Part of the problem, I submit, is that the quite proper concern for canonical authority has become too much divorced from moral authority—that is, from trust and love.  Every pastor, whether of a little Orthodox mission, a larger urban parish, the bishop of a diocese, or the patriarch of an ancient see, combines canonical authority with moral authority.  That is, he occupies his seat because someone has given him the right to do so (those who elected or ordained him), and he also begins to build up a store of credibility and trust with those to whom he ministers.  This latter is not automatic, and is not speedily accomplished, but it is this which allows him to effectively function, and constitutes the true power of pastors.  I could refer to myself at our Parish Annual General Meeting as, “Our Humility, the unworthy occupant of the holy, Orthodox, Presbyteral Throne of Langley and Those Suburbs Around It”, but it would not redound to my glory or add to my authority.  My people do not dispute my canonical authority or deny that I should be their Rector.  They take this for granted and then more or less ignore it.  They follow me not so much because of my canonical authority, but because they love and trust me.  This love is not automatic, and can be eroded or even forfeited if I act unwisely or stupidly or otherwise give them reason not to trust my judgment.
By focusing so visibly and emphatically upon canonical authority, the Church risks giving the world the erroneous impression that it thinks the world should respect it because of its grandiosity, historical lineage, and institutional power.  This would be a serious strategic mistake.  People respect integrity and self-sacrifice, not historical privilege, and are more impressed by the garments of humility than by rich brocade.  The present Pope knows this, which is why he consistently “dresses down” and (if memory serves) took a pass on wearing ermine vestments at one of his first papal liturgies.  I am not necessarily suggesting that our leadership dress down and put their miters into mothballs.  But I do suggest that in the absence of serving the world in terms the world can both understand and value, those miters will not redound to their glory as much as might be imagined. 

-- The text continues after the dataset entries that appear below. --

(* Almost all partial sums $s_n=\sum_{r=0}^{n}1/r!$ of the Taylor series for $e$ are not convergents of the simple continued fraction expansion of $e$; that is, the set of $n\ge 0$ for which $s_n$ is a convergent of $e$ has natural density zero.
   Context: The convergents of $e$ are the rationals obtained by truncating the simple continued fraction expansion of $e$. *)

theory Defs
  imports Complex_Main
begin

fun cf_rem :: "real \<Rightarrow> nat \<Rightarrow> real" where
  "cf_rem x 0 = x"
| "cf_rem x (Suc k) = 1 / frac (cf_rem x k)"

definition cf_coeff :: "real \<Rightarrow> nat \<Rightarrow> int" where
  "cf_coeff x k = \<lfloor>cf_rem x k\<rfloor>"

text \<open>Value of the finite continued fraction [a_m; a_(m+1), ..., a_(m+n)].\<close>

fun eval_cf :: "(nat \<Rightarrow> int) \<Rightarrow> nat \<Rightarrow> nat \<Rightarrow> real" where
  "eval_cf a m 0 = of_int (a m)"
| "eval_cf a m (Suc n) = of_int (a m) + 1 / eval_cf a (Suc m) n"

definition cf_convergent :: "real \<Rightarrow> nat \<Rightarrow> real" where
  "cf_convergent x n = eval_cf (cf_coeff x) 0 n"

end

theory Submission
  imports Defs
begin

text \<open>
  Write the partial sum as s_n = A_n / n! and let G_n = gcd(A_n, n!), so that s_n has reduced
  denominator n! / G_n. Every convergent p/q of the irrational number e satisfies
  |e - p/q| < 1/q^2, whereas e - s_n > 1/(n+1)!; hence if s_n is a convergent then
  G_n^2 > n!/(n+1), i.e. G_n is almost as large as the square root of n!.
  On the other hand A_j is congruent modulo A_i to a number of size at most (j+1)^(j-i), so the
  G_n for nearby indices are nearly coprime. Three such indices a < b < c in a short window
  would give three nearly coprime divisors of c! with product about (a!)^(3/2), which is
  impossible. So each window of length L beyond 33L + 13 contains at most two such n, and the
  density is at most 2/L for every L.
\<close>

section \<open>Convergents of an irrational number\<close>

text \<open>\<open>cf_continuants a m n = (p, q)\<close> gives numerator and denominator of the finite continued
  fraction [a_m; ..., a_(m+n-1)] with n partial quotients; for n = 0 it is the formal 1/0.\<close>

fun cf_continuants :: "(nat \<Rightarrow> int) \<Rightarrow> nat \<Rightarrow> nat \<Rightarrow> int \<times> int" where
  "cf_continuants a m 0 = (1, 0)"
| "cf_continuants a m (Suc n) =
     (a m * fst (cf_continuants a (Suc m) n) + snd (cf_continuants a (Suc m) n),
      fst (cf_continuants a (Suc m) n))"

lemma cf_continuants_pos:
  assumes "\<And>k. m \<le> k \<Longrightarrow> 1 \<le> a k"
  shows "1 \<le> fst (cf_continuants a m n) \<and> 0 \<le> snd (cf_continuants a m n)"
  using assms
proof (induction n arbitrary: m)
  case 0
  then show ?case by simp
next
  case (Suc n)
  have "1 \<le> a m" by (rule Suc.prems) simp
  moreover have "1 \<le> fst (cf_continuants a (Suc m) n) \<and> 0 \<le> snd (cf_continuants a (Suc m) n)"
    using Suc by simp
  ultimately show ?case using mult_mono[of 1 "a m" 1 "fst (cf_continuants a (Suc m) n)"] by simp
qed

lemma cf_continuants_det:
  "fst (cf_continuants a m (Suc n)) * snd (cf_continuants a m n)
     - fst (cf_continuants a m n) * snd (cf_continuants a m (Suc n)) = (-1) ^ Suc n"
proof (induction n arbitrary: m)
  case 0
  then show ?case by simp
next
  case (Suc n)
  from Suc.IH[of "Suc m"] show ?case by (simp add: algebra_simps)
qed

lemma eval_cf_eq_continuants:
  assumes "\<And>k. m < k \<Longrightarrow> 1 \<le> a k"
  shows "eval_cf a m n = fst (cf_continuants a m (Suc n)) / snd (cf_continuants a m (Suc n))"
  using assms
proof (induction n arbitrary: m)
  case 0
  then show ?case by simp
next
  case (Suc n)
  define p where "p = fst (cf_continuants a (Suc m) (Suc n))"
  define q where "q = snd (cf_continuants a (Suc m) (Suc n))"
  have "1 \<le> p"
    unfolding p_def by (rule conjunct1[OF cf_continuants_pos]) (simp add: Suc.prems Suc_le_eq)
  then have "a m + 1 / (p / q) = (a m * p + q) / p"
    by (simp add: field_simps)
  moreover have "eval_cf a m (Suc n) = a m + 1 / (p / q)"
    unfolding p_def q_def using Suc by simp
  moreover have "cf_continuants a m (Suc (Suc n)) = (a m * p + q, p)"
    unfolding p_def q_def by simp
  ultimately show ?case by (simp del: cf_continuants.simps)
qed

declare cf_rem.simps(2) [simp del]

lemma cf_rem_eq_coeff_plus: "cf_rem x k = cf_coeff x k + 1 / cf_rem x (Suc k)"
  by (simp add: cf_rem.simps(2) cf_coeff_def frac_def)

lemma cf_rem_not_Rats:
  assumes "x \<notin> \<rat>"
  shows "cf_rem x k \<notin> \<rat>"
proof (induction k)
  case 0
  then show ?case using assms by simp
next
  case (Suc k)
  then show ?case
    using cf_rem_eq_coeff_plus[of x k] by (metis Rats_add Rats_divide Rats_of_int Rats_1)
qed

lemma cf_rem_Suc_gt_1:
  assumes "x \<notin> \<rat>"
  shows "1 < cf_rem x (Suc k)"
proof -
  have "cf_rem x k \<notin> \<int>" using cf_rem_not_Rats[OF assms] Ints_subset_Rats by blast
  then have "0 < frac (cf_rem x k)" by (simp add: order_less_le)
  with frac_lt_1 show ?thesis by (simp add: cf_rem.simps(2))
qed

lemma cf_coeff_pos:
  assumes "x \<notin> \<rat>" "0 < k"
  shows "1 \<le> cf_coeff x k"
  using assms cf_rem_Suc_gt_1[OF assms(1), of "k - 1"]
  by (simp add: cf_coeff_def le_floor_iff)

One may take the Salvation Army as an example.  They do not spend much public time rehearsing their noble record, fancying up their uniforms, and making sure their General gets in the news.  Rather they just keep on running soup kitchens, thrift stores, and sanctuaries for the unfortunate, and that is why they have accumulated credibility in the eyes of the secular world.  People drop money into their Christmas kettles because what they do resonates with society at large.  Their salvation message of “Blood and Fire”, if it gains traction, does so because of the moral authority their work has garnered for them.   We pastors of the Orthodox Church who strive to gain the ear of the world forget this at our peril.

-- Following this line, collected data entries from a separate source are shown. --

(* Let $m\geq1$ and $n\geq2$. Then the identities satisfied by the semigroup $\mathbb{Z}_m\times N_n^I\times L_2^I\times R_2^I\times A_0^I$ are axiomatized by \[x^{m+n}\approx x^n,\quad x^{m+n-1}yx\approx x^{n-1}yx,\quad x^2yx\approx xyx^2,\quad xyxzx\approx x^2yzx.\]
   Context: $\mathbb{Z}_m$ is the cyclic group of order $m$; $N_n=\langle a\mid a^n=0\rangle$ is the monogenic nilpotent semigroup of order $n$; $L_2$ and $R_2$ are the left zero ($xy=x$) and right zero ($xy=y$) semigroups of order two; $A_0=\langle e,f\mid e^2=e,\ f^2=f,\ ef=0\rangle=\{0,e,f,fe\}$. For a semigroup $S$, $S^I$ is $S$ with an external identity element adjoined. Identities are between words over a countably infinite alphabet of variables. *)

theory Defs
  imports Main
begin

text \<open>Words over the countably infinite alphabet of variables (indexed by nat)
  are nonempty lists; multiplication in the free semigroup is concatenation.\<close>

type_synonym word = "nat list"

fun evalw :: "('a \<Rightarrow> 'a \<Rightarrow> 'a) \<Rightarrow> (nat \<Rightarrow> 'a) \<Rightarrow> word \<Rightarrow> 'a" where
  "evalw mult \<phi> (x # xs) = foldl (\<lambda>a y. mult a (\<phi> y)) (\<phi> x) xs"
| "evalw mult \<phi> [] = undefined"

definition satisfies :: "'a set \<Rightarrow> ('a \<Rightarrow> 'a \<Rightarrow> 'a) \<Rightarrow> word \<Rightarrow> word \<Rightarrow> bool" where
  "satisfies S mult u v \<longleftrightarrow>
     (\<forall>\<phi>. (\<forall>x. \<phi> x \<in> S) \<longrightarrow> evalw mult \<phi> u = evalw mult \<phi> v)"

definition substw :: "(nat \<Rightarrow> word) \<Rightarrow> word \<Rightarrow> word" where
  "substw \<sigma> w = concat (map \<sigma> w)"

inductive derivable :: "(word \<times> word) set \<Rightarrow> word \<Rightarrow> word \<Rightarrow> bool" for Sigma where
  ax: "(u, v) \<in> Sigma \<Longrightarrow> derivable Sigma u v"
| refl: "u \<noteq> [] \<Longrightarrow> derivable Sigma u u"
| sym: "derivable Sigma u v \<Longrightarrow> derivable Sigma v u"
| trans: "derivable Sigma u v \<Longrightarrow> derivable Sigma v w \<Longrightarrow> derivable Sigma u w"
| subst: "derivable Sigma u v \<Longrightarrow> (\<forall>x. \<sigma> x \<noteq> []) \<Longrightarrow>
            derivable Sigma (substw \<sigma> u) (substw \<sigma> v)"
| multl: "derivable Sigma u v \<Longrightarrow> w \<noteq> [] \<Longrightarrow> derivable Sigma (w @ u) (w @ v)"
| multr: "derivable Sigma u v \<Longrightarrow> w \<noteq> [] \<Longrightarrow> derivable Sigma (u @ w) (v @ w)"

definition Zm_mult :: "nat \<Rightarrow> nat \<Rightarrow> nat \<Rightarrow> nat" where
  "Zm_mult m a b = (a + b) mod m"

text \<open>N_n^I: element k (1 \<le> k < n) is a^k, element n is the zero 0 = a^n,
  and element 0 is the adjoined identity I.  Hence the product is min (i+j) n.\<close>
definition NnI_mult :: "nat \<Rightarrow> nat \<Rightarrow> nat \<Rightarrow> nat" where
  "NnI_mult n i j = min (i + j) n"

text \<open>L_2^I and R_2^I on bool option; None is the adjoined identity.\<close>
fun L2I_mult :: "bool option \<Rightarrow> bool option \<Rightarrow> bool option" where
  "L2I_mult None y = y"
| "L2I_mult x None = x"
| "L2I_mult (Some a) (Some b) = Some a"

fun R2I_mult :: "bool option \<Rightarrow> bool option \<Rightarrow> bool option" where
  "R2I_mult None y = y"
| "R2I_mult x None = x"
| "R2I_mult (Some a) (Some b) = Some b"

text \<open>A_0 = <e,f | e^2=e, f^2=f, ef=0> = {0,e,f,fe}, with identity I adjoined.\<close>
datatype A0I = Z0 | E | F | FE | I

fun A0I_mult :: "A0I \<Rightarrow> A0I \<Rightarrow> A0I" where
  "A0I_mult I y = y"
| "A0I_mult x I = x"
| "A0I_mult Z0 y = Z0"
| "A0I_mult x Z0 = Z0"
| "A0I_mult E E = E"
| "A0I_mult E F = Z0"
| "A0I_mult E FE = Z0"
| "A0I_mult F E = FE"
| "A0I_mult F F = F"
| "A0I_mult F FE = FE"
| "A0I_mult FE E = FE"
| "A0I_mult FE F = Z0"
| "A0I_mult FE FE = Z0"

type_synonym elt = "nat \<times> nat \<times> bool option \<times> bool option \<times> A0I"

definition prod_carrier :: "nat \<Rightarrow> nat \<Rightarrow> elt set" where
  "prod_carrier m n = {0..<m} \<times> {0..n} \<times> UNIV \<times> UNIV \<times> UNIV"

definition prod_mult :: "nat \<Rightarrow> nat \<Rightarrow> elt \<Rightarrow> elt \<Rightarrow> elt" where
  "prod_mult m n = (\<lambda>(a1, b1, c1, d1, e1) (a2, b2, c2, d2, e2).
     (Zm_mult m a1 a2, NnI_mult n b1 b2, L2I_mult c1 c2, R2I_mult d1 d2, A0I_mult e1 e2))"

section \<open>The identities (variables x = 0, y = 1, z = 2)\<close>

definition Sigma_mn :: "nat \<Rightarrow> nat \<Rightarrow> (word \<times> word) set" where
  "Sigma_mn m n =
    {(replicate (m + n) 0, replicate n 0),
     (replicate (m + n - 1) 0 @ [1, 0], replicate (n - 1) 0 @ [1, 0]),
     ([0, 0, 1, 0], [0, 1, 0, 0]),
     ([0, 1, 0, 2, 0], [0, 0, 1, 2, 0])}"

end

theory Submission
  imports Defs
begin

text \<open>Soundness: equational deduction preserves satisfaction, and each factor satisfies the four
  identities (\<open>\<int>\<^sub>m\<close> and \<open>N\<^sub>n\<^sup>I\<close> because they only see letter counts modulo \<open>m\<close> and up to \<open>n\<close>,
  the other three by a finite check).

  Completeness: if \<open>u \<approx> v\<close> holds in the product, then \<open>u\<close> and \<open>v\<close> have the same letter counts
  modulo \<open>m\<close> and up to \<open>n\<close> (from \<open>\<int>\<^sub>m\<close> and \<open>N\<^sub>n\<^sup>I\<close>), and for any two letters \<open>x \<noteq> y\<close> the same first
  and last letter among \<open>x, y\<close> (from \<open>L\<^sub>2\<^sup>I\<close> and \<open>R\<^sub>2\<^sup>I\<close>) and the same answer to whether some \<open>y\<close>
  precedes some \<open>x\<close> (from \<open>A\<^sub>0\<^sup>I\<close> under \<open>x \<mapsto> f, y \<mapsto> e\<close>).  The identities \<open>x\<^sup>2yx \<approx> xyx\<^sup>2\<close> and
  \<open>xyxzx \<approx> x\<^sup>2yzx\<close> collect all occurrences of a repeated letter into a power at its first
  occurrence plus a single copy at its last one, and the first two identities bring that exponent
  into the range below \<open>m + n\<close>.  The resulting normal form is determined by the invariants above,
  which is seen by comparing its restrictions to all pairs of letters.\<close>

lemma foldl_hom:
  assumes "\<And>a b. h (f a b) = f' (h a) (h b)"
  shows "h (foldl (\<lambda>a y. f a (\<phi> y)) acc xs) = foldl (\<lambda>a y. f' a (h (\<phi> y))) (h acc) xs"
  by (induction xs arbitrary: acc) (simp_all add: assms)

lemma evalw_hom:
  assumes "\<And>a b. h (f a b) = f' (h a) (h b)" and "w \<noteq> []"
  shows "h (evalw f \<phi> w) = evalw f' (h \<circ> \<phi>) w"
  using assms(2) by (cases w) (simp_all add: comp_def, rule foldl_hom, rule assms(1))

lemma evalw_snoc: "w \<noteq> [] \<Longrightarrow> evalw f \<phi> (w @ [a]) = f (evalw f \<phi> w) (\<phi> a)"
  by (cases w) auto

lemma foldl_assoc:
  assumes "\<And>a b c. f (f a b) c = f a (f b c)"
  shows "foldl (\<lambda>a y. f a (\<phi> y)) (f b c) xs = f b (foldl (\<lambda>a y. f a (\<phi> y)) c xs)"
  by (induction xs arbitrary: c) (simp_all add: assms)

lemma evalw_append:
  assumes "\<And>a b c. f (f a b) c = f a (f b c)" and "u \<noteq> []" and "v \<noteq> []"
  shows "evalw f \<phi> (u @ v) = f (evalw f \<phi> u) (evalw f \<phi> v)"
  using assms(2,3) by (cases u; cases v) (simp_all add: foldl_assoc[OF assms(1)])

lemma evalw_substw:
  assumes "\<And>a b c. f (f a b) c = f a (f b c)" and "\<forall>x. \<sigma> x \<noteq> []" and "u \<noteq> []"
  shows "evalw f \<phi> (substw \<sigma> u) = evalw f (\<lambda>x. evalw f \<phi> (\<sigma> x)) u"
  using assms(3)
proof (induction u rule: list_nonempty_induct)
  case (single x)
  then show ?case by (simp add: substw_def)
next
  case (cons x xs)
  have "substw \<sigma> xs \<noteq> []"
    using cons.hyps assms(2) by (cases xs) (auto simp: substw_def)
  then have "evalw f \<phi> (substw \<sigma> (x # xs)) = f (evalw f \<phi> (\<sigma> x)) (evalw f \<phi> (substw \<sigma> xs))"
    using evalw_append[OF assms(1)] assms(2) by (simp add: substw_def)
  also have "\<dots> = evalw f (\<lambda>x. evalw f \<phi> (\<sigma> x)) ([x] @ xs)"
    using cons evalw_append[OF assms(1), of "[x]" xs "\<lambda>x. evalw f \<phi> (\<sigma> x)"] by simp
  finally show ?case by simp
qed

lemma evalw_closed:
  assumes "\<And>a b. a \<in> S \<Longrightarrow> b \<in> S \<Longrightarrow> f a b \<in> S" and "\<forall>x. \<phi> x \<in> S" and "w \<noteq> []"
  shows "evalw f \<phi> w \<in> S"
proof -
  have "foldl (\<lambda>a y. f a (\<phi> y)) acc xs \<in> S" if "acc \<in> S" for acc xs
    using that by (induction xs arbitrary: acc) (simp_all add: assms(1,2))
  then show ?thesis using assms(2,3) by (cases w) auto
qed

Since the clergy have has their stated aim to be servants to the rest of the Church and the slaves of all (Mark 10:43-44), it would be helpful if they trumpeted their earthly and historical dignity a little less loudly.  No one observing the Byzantine pomp, the Byzantine titles, and the portentous deportment of the assembled hierarchs would guess that here was with gathering of servants and slaves.  Slaves do not worry about where they sit, or refer to themselves in the plural.  Their eyes look to the hand of their master (Psalm 123:2), and their attention is focused upon what the master will ask them to do next.  If the Orthodox Church is really intent upon making a good impression on the world, it must do a better job of sitting more lightly on its historical authority and rights, and get down more visibly to the job of washing the feet of the poor.






Saturday, June 18, 2016

What Does an Ecumenical Council Look Like?

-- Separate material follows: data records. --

lemma young_le_frac_inner_integral:
  fixes u :: "'a::euclidean_space \<Rightarrow> real" and M :: "real \<Rightarrow> real" and E :: "'a set"
  assumes mono: "\<And>a b. \<bar>a\<bar> \<le> \<bar>b\<bar> \<Longrightarrow> M a \<le> M b" and nonneg: "\<And>t. 0 \<le> M t"
    and s: "0 \<le> s" and E: "E \<in> sets lborel" and zero: "AE y in lborel. y \<in> E \<longrightarrow> u y = 0"
    and dist: "\<And>y. y \<in> E \<Longrightarrow> 0 < norm (x - y) \<and> norm (x - y) \<le> D"
  shows "ennreal (M (u x / D powr s) / D ^ n) * emeasure lborel E
           \<le> (\<integral>\<^sup>+ y. ennreal (M ((u x - u y) / norm (x - y) powr s) / norm (x - y) ^ n) \<partial>lborel)"
proof -
  have "ennreal (M (u x / D powr s) / D ^ n) * emeasure lborel E
      = (\<integral>\<^sup>+ y. ennreal (M (u x / D powr s) / D ^ n) * indicator E y \<partial>lborel)"
    using E by (simp add: nn_integral_cmult_indicator)
  also have "\<dots> \<le> (\<integral>\<^sup>+ y. ennreal (M ((u x - u y) / norm (x - y) powr s) / norm (x - y) ^ n) \<partial>lborel)"
  proof (rule nn_integral_mono_AE)
    show "AE y in lborel. ennreal (M (u x / D powr s) / D ^ n) * indicator E y
            \<le> ennreal (M ((u x - u y) / norm (x - y) powr s) / norm (x - y) ^ n)"
      using zero
    proof eventually_elim
      case (elim y)
      show ?case
      proof (cases "y \<in> E")
        case True
        define r where "r = norm (x - y)"
        have r: "0 < r" "r \<le> D" using dist[OF True] by (auto simp: r_def)
        have "\<bar>u x / D powr s\<bar> \<le> \<bar>u x / r powr s\<bar>"
          using r s by (simp add: abs_divide divide_left_mono powr_mono2)
        then have "M (u x / D powr s) / D ^ n \<le> M (u x / r powr s) / r ^ n"
          using r nonneg by (intro frac_le mono power_mono) auto
        then show ?thesis using True elim by (simp add: r_def ennreal_leI)
      qed simp
    qed
  qed
  finally show ?thesis .
qed

lemma set_nn_integral_young_le_frac_modular:
  fixes \<Omega> :: "'a::euclidean_space set" and M :: "real \<Rightarrow> real"
  assumes \<Omega>: "bounded \<Omega>" "\<Omega> \<in> sets lborel"
    and mono: "\<And>a b. \<bar>a\<bar> \<le> \<bar>b\<bar> \<Longrightarrow> M a \<le> M b"
    and nonneg: "\<And>t. 0 \<le> M t" and meas: "M \<in> borel_measurable borel" and s: "0 \<le> s"
  obtains D c where "0 < D" "0 \<le> c"
    "\<And>u. u \<in> borel_measurable lborel \<Longrightarrow> (AE x in lborel. x \<notin> \<Omega> \<longrightarrow> u x = 0) \<Longrightarrow>
       (\<integral>\<^sup>+x\<in>\<Omega>. ennreal (M (u x / D powr s)) \<partial>lborel) \<le> ennreal c * frac_modular s M u"
proof -
  obtain D z where D: "0 < D"
    and dist: "\<And>x y. x \<in> \<Omega> \<Longrightarrow> y \<in> ball z 1 \<Longrightarrow> 0 < norm (x - y) \<and> norm (x - y) \<le> D"
    using bounded_obtain_ball_at_bounded_distance[OF \<Omega>(1)] by metis
  define e where "e = measure lborel (ball z 1)"
  have e: "0 < e" using content_ball_pos[of 1 z] by (simp add: e_def)
  have eE: "emeasure lborel (ball z 1) = ennreal e"
    unfolding e_def using emeasure_lborel_ball_finite[of z 1]
    by (intro emeasure_eq_ennreal_measure) simp
  define k where "k = e / D ^ DIM('a)"
  have k: "0 < k" using e D by (simp add: k_def)
  show ?thesis
  proof
    show "0 < D" "0 \<le> 1 / k" using D k by simp_all
    fix u :: "'a \<Rightarrow> real"
    assume u: "u \<in> borel_measurable lborel" and zero: "AE x in lborel. x \<notin> \<Omega> \<longrightarrow> u x = 0"
    have disj: "\<Omega> \<inter> ball z 1 = {}" using dist by fastforce
    have zero_ball: "AE y in lborel. y \<in> ball z 1 \<longrightarrow> u y = 0"
      using zero by eventually_elim (use disj in blast)
    have scale: "ennreal k * ennreal t = ennreal (t / D ^ DIM('a)) * emeasure lborel (ball z 1)"
      if "0 \<le> t" for t
      using e D that by (simp add: eE k_def ennreal_mult[symmetric])
    have "ennreal k * (\<integral>\<^sup>+x\<in>\<Omega>. ennreal (M (u x / D powr s)) \<partial>lborel)
        = (\<integral>\<^sup>+x. ennreal k * (ennreal (M (u x / D powr s)) * indicator \<Omega> x) \<partial>lborel)"
      by (rule nn_integral_cmult[symmetric]) (use u meas \<Omega>(2) in measurable)
    also have "\<dots> \<le> frac_modular s M u"
      unfolding frac_modular_def
    proof (rule nn_integral_mono)
      fix x
      show "ennreal k * (ennreal (M (u x / D powr s)) * indicator \<Omega> x)
          \<le> (\<integral>\<^sup>+y. ennreal (M ((u x - u y) / norm (x - y) powr s) / norm (x - y) ^ DIM('a)) \<partial>lborel)"
      proof (cases "x \<in> \<Omega>")
        case True
        then show ?thesis
          using young_le_frac_inner_integral[OF mono nonneg s _ zero_ball dist[OF True]]
          by (simp add: scale nonneg)
      qed simp
    qed
    finally have "ennreal k * (\<integral>\<^sup>+x\<in>\<Omega>. ennreal (M (u x / D powr s)) \<partial>lborel) \<le> frac_modular s M u" .
    then have "ennreal (1 / k) * (ennreal k * (\<integral>\<^sup>+x\<in>\<Omega>. ennreal (M (u x / D powr s)) \<partial>lborel))
        \<le> ennreal (1 / k) * frac_modular s M u"
      by (rule mult_left_mono) simp
    then show "(\<integral>\<^sup>+x\<in>\<Omega>. ennreal (M (u x / D powr s)) \<partial>lborel) \<le> ennreal (1 / k) * frac_modular s M u"
      using k by (simp add: mult.assoc[symmetric] ennreal_mult[symmetric])
  qed
qed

           The event scheduled to be held (at time of writing) in Crete this coming Pentecost and usually termed “the Great and Holy Council” is sometimes referred to in terms that suggest that it will be the Eighth Ecumenical Council.  Pundits often say such things as “the last such council to be held in the Orthodox Church was over a thousand years ago”, referring to the Seventh Ecumenical Council held in Nicea in 787.  Such words hint that although the upcoming gathering is not precisely such an Ecumenical Council, it could be—especially if everyone in World Orthodoxy got on board.  According to such thinking, all that is needed for “the Great and Holy Council” to become “the Eighth Ecumenical Council” would be universal acceptance by the Orthodox world after the council occurs.  In view of this, it is worth looking backwards over our historical shoulder and remembering what the Seven Ecumenical Councils looked like.  When one does, one can see some interesting differences between then and now.
            First of all, the Ecumenical Councils were each called to deal with some matter of pressing urgency—namely, heretical movements which were threatening the purity of the Church’s Faith.  Thus Council of Nicea met in 325 to deal with the Christological doctrines spread by Arius; the Council of Constantinople met in 381 to deal with the teaching which denied the divinity of the Holy Spirit, etc. etc.  Of course while the bishops were gathered in Council they discussed other things as well, which were also matters of somewhat lesser urgency.  Thus, for example, the bishops of Nicea passed a number of canons, such as canon 5 which forbade bishops to accept into communion persons excommunicated by another bishop.  But the fact that other topics were discussed and decided does not mean that the Council was called primarily for such discussion.  Rather, the Council was called primarily to discuss urgent doctrinal matters, which in those days were primarily Christological.  These Councils were not called simply because the bishops felt the Church’s faith needed updating or aggiornamento.  The task of keeping current and interacting with modern society (i.e. evangelism) is important and crucial.  It is also the normal work of bishops and priests, not Ecumenical Councils. 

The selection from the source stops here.